Анжела, так звали эту 22-летнюю белокурую девушку, налила в стакан воды из стоящей на тумбочке у кровати вазы и прислонила к его губам. Денис выпил стакан маленькими осторожными глотками. Голова ужасно болела, а еще ноги, как будто их зажали в тиски ниже колена и вгоняли в них иглы. Одна рука у него не двигалась вообще, а другая с невероятным усилием лишь дрогнула, тогда, когда он хотел откинуть простыню и посмотреть на ноги.

- Я не могу пошевелиться! Я не могу…больно, как больно!
- Спокойно, спокойно. Вам нельзя напрягаться, сейчас, сейчас! – и эта на вид хрупкая девчушка с ангельским личиком и с влажными глазами резким, но уверенным движением ввела ему обезболивающее из шприца. Денис посмотрел на её, как бы извиняющийся взгляд и снова, обессиленный уснул.
Он проснулся на следующий день, ближе к часу дня. Напротив него сидела уже другая медсестра, женщина лет сорока пяти на вид, невысокая и слегка полненькая, с добродушной улыбкой.

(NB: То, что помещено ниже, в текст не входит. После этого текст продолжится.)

(* Let $V$ be a finite-dimensional complex vector space and $M:\mathbb C\to GL(V)$ a rational function such that $[M(u),M(v)]=0$ for all $u,v\in\mathbb C$. Let $M(u)=M_S(u)M_U(u)$ be the multiplicative Jordan decomposition of $M(u)$ into commuting semisimple and unipotent parts. Then $M_S$ and $M_U$ are rational functions of $u$. *)

theory Defs
  imports "HOL-Analysis.Analysis" "HOL-Computational_Algebra.Polynomial"
begin

text \<open>Endomorphisms of a finite-dimensional complex vector space V = C^'n are
  represented as matrices of type complex^'n::finite^'n (matrix product is **).\<close>

text \<open>A matrix-valued function of u is rational if all its entries are rational
  functions with a common denominator q (a nonzero polynomial), i.e. it agrees with
  P(u)/q(u) wherever q(u) is nonzero.\<close>
definition rational_mat_fun :: "(complex \<Rightarrow> complex^'n::finite^'n) \<Rightarrow> bool" where
  "rational_mat_fun M \<longleftrightarrow>
     (\<exists>(p :: 'n \<Rightarrow> 'n \<Rightarrow> complex poly) (q :: complex poly). q \<noteq> 0 \<and>
        (\<forall>u. poly q u \<noteq> 0 \<longrightarrow> (\<forall>i j. M u $ i $ j = poly (p i j) u / poly q u)))"

definition semisimple_mat :: "complex^'n::finite^'n \<Rightarrow> bool" where
  "semisimple_mat A \<longleftrightarrow>
     (\<exists>(P :: complex^'n^'n) (D :: complex^'n^'n). invertible P \<and> (\<forall>i j. i \<noteq> j \<longrightarrow> D $ i $ j = 0) \<and> A = P ** D ** matrix_inv P)"

definition matpow :: "complex^'n::finite^'n \<Rightarrow> nat \<Rightarrow> complex^'n::finite^'n" where
  "matpow A k = ((\<lambda>B. A ** B) ^^ k) (mat 1)"

definition unipotent_mat :: "complex^'n::finite^'n \<Rightarrow> bool" where
  "unipotent_mat A \<longleftrightarrow> (\<exists>k. matpow (A - mat 1) k = 0)"

end

theory Submission
  imports Defs
begin

text \<open>
  Finitely many members \<open>M(t)\<close> span the linear span of the family, and likewise for the
  semisimple parts, which commute with each other because the semisimple part of a matrix
  commutes with everything that commutes with the matrix.  Simultaneous diagonalisation of
  finitely many commuting semisimple matrices gives a basis \<open>X\<close> of common eigenvectors of all
  \<open>M\<^sub>S(u)\<close>.  For \<open>w \<in> X\<close>, the joint eigenspace of the \<open>M\<^sub>S(t)\<close> through \<open>w\<close> is invariant under
  the commuting operators \<open>M(t)\<close>, which act on it as scalars plus commuting nilpotents; a common
  kernel vector \<open>z\<close> of these nilpotents is a common eigenvector of all \<open>M(u)\<close>.  Since a
  generalised eigenvector of \<open>M(u)\<close> is an eigenvector of \<open>M\<^sub>S(u)\<close> for the same eigenvalue, the
  eigenvalue of \<open>M\<^sub>S(u)\<close> on \<open>w\<close> is \<open>(M(u) z)\<^sub>a / z\<^sub>a\<close> for any coordinate with \<open>z\<^sub>a \<noteq> 0\<close>, a rational
  function of \<open>u\<close>.  So \<open>M\<^sub>S\<close>, and likewise its inverse, is diagonal in the fixed basis \<open>X\<close>
  with rational eigenvalues, hence rational, and then so is \<open>M\<^sub>U(u) = M\<^sub>S(u)\<inverse> M(u)\<close>.
\<close>

section \<open>Matrix--vector algebra\<close>

lemma sum_UNIV_eq_single:
  fixes f :: "'a::finite \<Rightarrow> 'b::comm_monoid_add"
  assumes "\<And>k. k \<noteq> j \<Longrightarrow> f k = 0"
  shows "sum f UNIV = f j"
  using assms by (subst sum.remove[of UNIV j]) (auto intro: sum.neutral)

lemma matrix_vector_mul_mat: "mat c *v x = c *s (x::'a::comm_semiring_1^'n::finite)"
  unfolding vec_eq_iff matrix_vector_mult_def mat_def
  by (auto intro: trans[OF sum_UNIV_eq_single])

lemma matrix_vector_mul_sum:
  "(A::'a::field^'n::finite^'m::finite) *v sum f X = (\<Sum>x\<in>X. A *v f x)"
  by (rule vec.linear_sum[OF matrix_vector_mul_linear_gen])

lemma matrix_entry_axis: "(A::'a::field^'n::finite^'m::finite) $ i $ k = (A *v axis k 1) $ i"
  by (simp add: matrix_vector_mult_def axis_def, subst sum_UNIV_eq_single[of k]) auto

lemma commuting_matrix_vector_mul: "A ** B = B ** A \<Longrightarrow> A *v (B *v x) = B *v (A *v x)"
  by (metis matrix_vector_mul_assoc)

lemma commute_diff_mat:
  fixes A B :: "'a::field^'n::finite^'n"
  assumes "A ** B = B ** A"
  shows "(A - mat c) ** B = B ** (A - mat c)"
  using commuting_matrix_vector_mul[OF assms]
  by (simp add: matrix_eq matrix_vector_mul_assoc[symmetric] matrix_vector_mult_diff_rdistrib
      matrix_vector_mult_diff_distrib matrix_vector_mul_mat vector_scalar_commute)

lemma funpow_matrix_vector_commute:
  "A ** B = B ** A \<Longrightarrow> ((*v) A ^^ k) (B *v x) = B *v (((*v) A ^^ k) x)"
  by (induction k) (simp_all add: commuting_matrix_vector_mul)

lemma funpow_matrix_vector_scale:
  "((*v) (A::'a::field^'n::finite^'n) ^^ k) (c *s x) = c *s (((*v) A ^^ k) x)"
  by (induction k) (simp_all add: vector_scalar_commute)

lemma funpow_matrix_vector_zero: "((*v) (A::'a::field^'n::finite^'n) ^^ k) 0 = 0"
  by (induction k) simp_all

lemma funpow_matrix_vector_eigenvector:
  fixes A :: "'a::field^'n::finite^'n"
  assumes "A *v x = c *s x"
  shows "((*v) A ^^ k) x = c ^ k *s x"
  by (induction k) (simp_all add: assms vector_scalar_commute mult.commute)

lemma matpow_matrix_vector_mul: "matpow A k *v x = ((*v) A ^^ k) x"
  by (induction k) (simp_all add: matpow_def matrix_vector_mul_assoc[symmetric])

lemma matrix_inv_left: "invertible A \<Longrightarrow> matrix_inv A ** A = mat 1"
  and matrix_inv_right: "invertible A \<Longrightarrow> A ** matrix_inv A = mat 1"
  unfolding invertible_def matrix_inv_def by (metis (mono_tags, lifting) someI_ex)+

lemma invertible_mult_left:
  fixes A B :: "'a::field^'n::finite^'n"
  assumes "invertible (A ** B)"
  shows "invertible A"
  using assms by (metis invertible_right_inverse matrix_mul_assoc)

lemma matrix_inv_eigenvector:
  fixes A :: "'a::field^'n::finite^'n"
  assumes "invertible A" and Aw: "A *v w = c *s w" and "w \<noteq> 0"
  shows "c \<noteq> 0" and "matrix_inv A *v w = (1 / c) *s w"
proof -
  have w: "w = c *s (matrix_inv A *v w)"
    by (metis Aw matrix_inv_left[OF assms(1)] matrix_vector_mul_assoc matrix_vector_mul_lid
        vector_scalar_commute)
  then show "c \<noteq> 0" using \<open>w \<noteq> 0\<close> by auto
  then show "matrix_inv A *v w = (1 / c) *s w" by (subst (2) w) simp
qed

lemma eigenvector_combination:
  fixes B :: "'a::field^'n::finite^'n"
  assumes "\<And>x. B *v x = (\<Sum>t\<in>T. c t *s (A t *v x))" and "\<And>t. t \<in> T \<Longrightarrow> A t *v w = l t *s w"
  shows "B *v w = (\<Sum>t\<in>T. c t * l t) *s w"
  using assms by (simp add: vec_eq_iff sum_distrib_right mult.assoc)

section \<open>Rational functions\<close>

definition rational_fun :: "(complex \<Rightarrow> complex) \<Rightarrow> bool" where
  "rational_fun f \<longleftrightarrow> (\<exists>p q. q \<noteq> 0 \<and> (\<forall>u. poly q u \<noteq> 0 \<longrightarrow> f u = poly p u / poly q u))"

lemma rational_fun_const: "rational_fun (\<lambda>u. c)"
  unfolding rational_fun_def by (rule exI[of _ "[:c:]"], rule exI[of _ 1]) simp

lemma rational_fun_add:
  assumes "rational_fun f" "rational_fun g"
  shows "rational_fun (\<lambda>u. f u + g u)"
proof -
  obtain p1 q1 where 1: "q1 \<noteq> 0" "\<And>u. poly q1 u \<noteq> 0 \<Longrightarrow> f u = poly p1 u / poly q1 u"
    using assms(1) unfolding rational_fun_def by blast
  obtain p2 q2 where 2: "q2 \<noteq> 0" "\<And>u. poly q2 u \<noteq> 0 \<Longrightarrow> g u = poly p2 u / poly q2 u"
    using assms(2) unfolding rational_fun_def by blast
  show ?thesis unfolding rational_fun_def
    by (rule exI[of _ "p1 * q2 + p2 * q1"], rule exI[of _ "q1 * q2"]) (use 1 2 in \<open>auto simp: field_simps\<close>)
qed

lemma rational_fun_mult:
  assumes "rational_fun f" "rational_fun g"
  shows "rational_fun (\<lambda>u. f u * g u)"
proof -
  obtain p1 q1 where 1: "q1 \<noteq> 0" "\<And>u. poly q1 u \<noteq> 0 \<Longrightarrow> f u = poly p1 u / poly q1 u"
    using assms(1) unfolding rational_fun_def by blast
  obtain p2 q2 where 2: "q2 \<noteq> 0" "\<And>u. poly q2 u \<noteq> 0 \<Longrightarrow> g u = poly p2 u / poly q2 u"
    using assms(2) unfolding rational_fun_def by blast
  show ?thesis unfolding rational_fun_def
    by (rule exI[of _ "p1 * p2"], rule exI[of _ "q1 * q2"]) (use 1 2 in \<open>auto simp: field_simps\<close>)
qed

- Наконец-то проснулся! Сейчас мы врача позовём, а потом есть будем.
Женщина вышла в коридор и через пару минут вернулась с крепким мужчиной в белом помятом халате. Он был заметно уставшим, и казалось, что ему лет семьдесят, хотя, на самом деле было пятьдесят девять. Он подошел к Денису, прислонил ладонь ко лбу, потом достал стетоскоп, бесцеремонно расстегнул рубаху на груди у больного, сел рядом с ним на кровати, послушал шумы и так же бесцеремонно, но довольно дружелюбным тоном спросил - как самочувствие?
Голова уже не болела так сильно, оставался лишь лёгкий оттенок той глухой вчерашней боли. Тело ныло, но терпимо, а вот ноги болели. Болели сильно.
- Скажите, что со мной? Я подорвался на мине? Что с Володей? Он живой?
- Значит, Вы помните, что произошло?
- Помню. Как ребята, они живые?
- Это была самопальная осколочная мина. Вас доставили в тяжелом состоянии, вы потеряли много крови и… тут Степан Данилович, отводя взгляд, после секундного замешательства продолжил - ребята живы, они были далеко от места детонации. Вам нужно беречь силы и поесть! Все вопросы потом, вам обязательно ответят, но сейчас кушать, и кушать за двоих! Ясно. Я к Вам еще зайду, а сейчас вынужден покинуть, ешьте!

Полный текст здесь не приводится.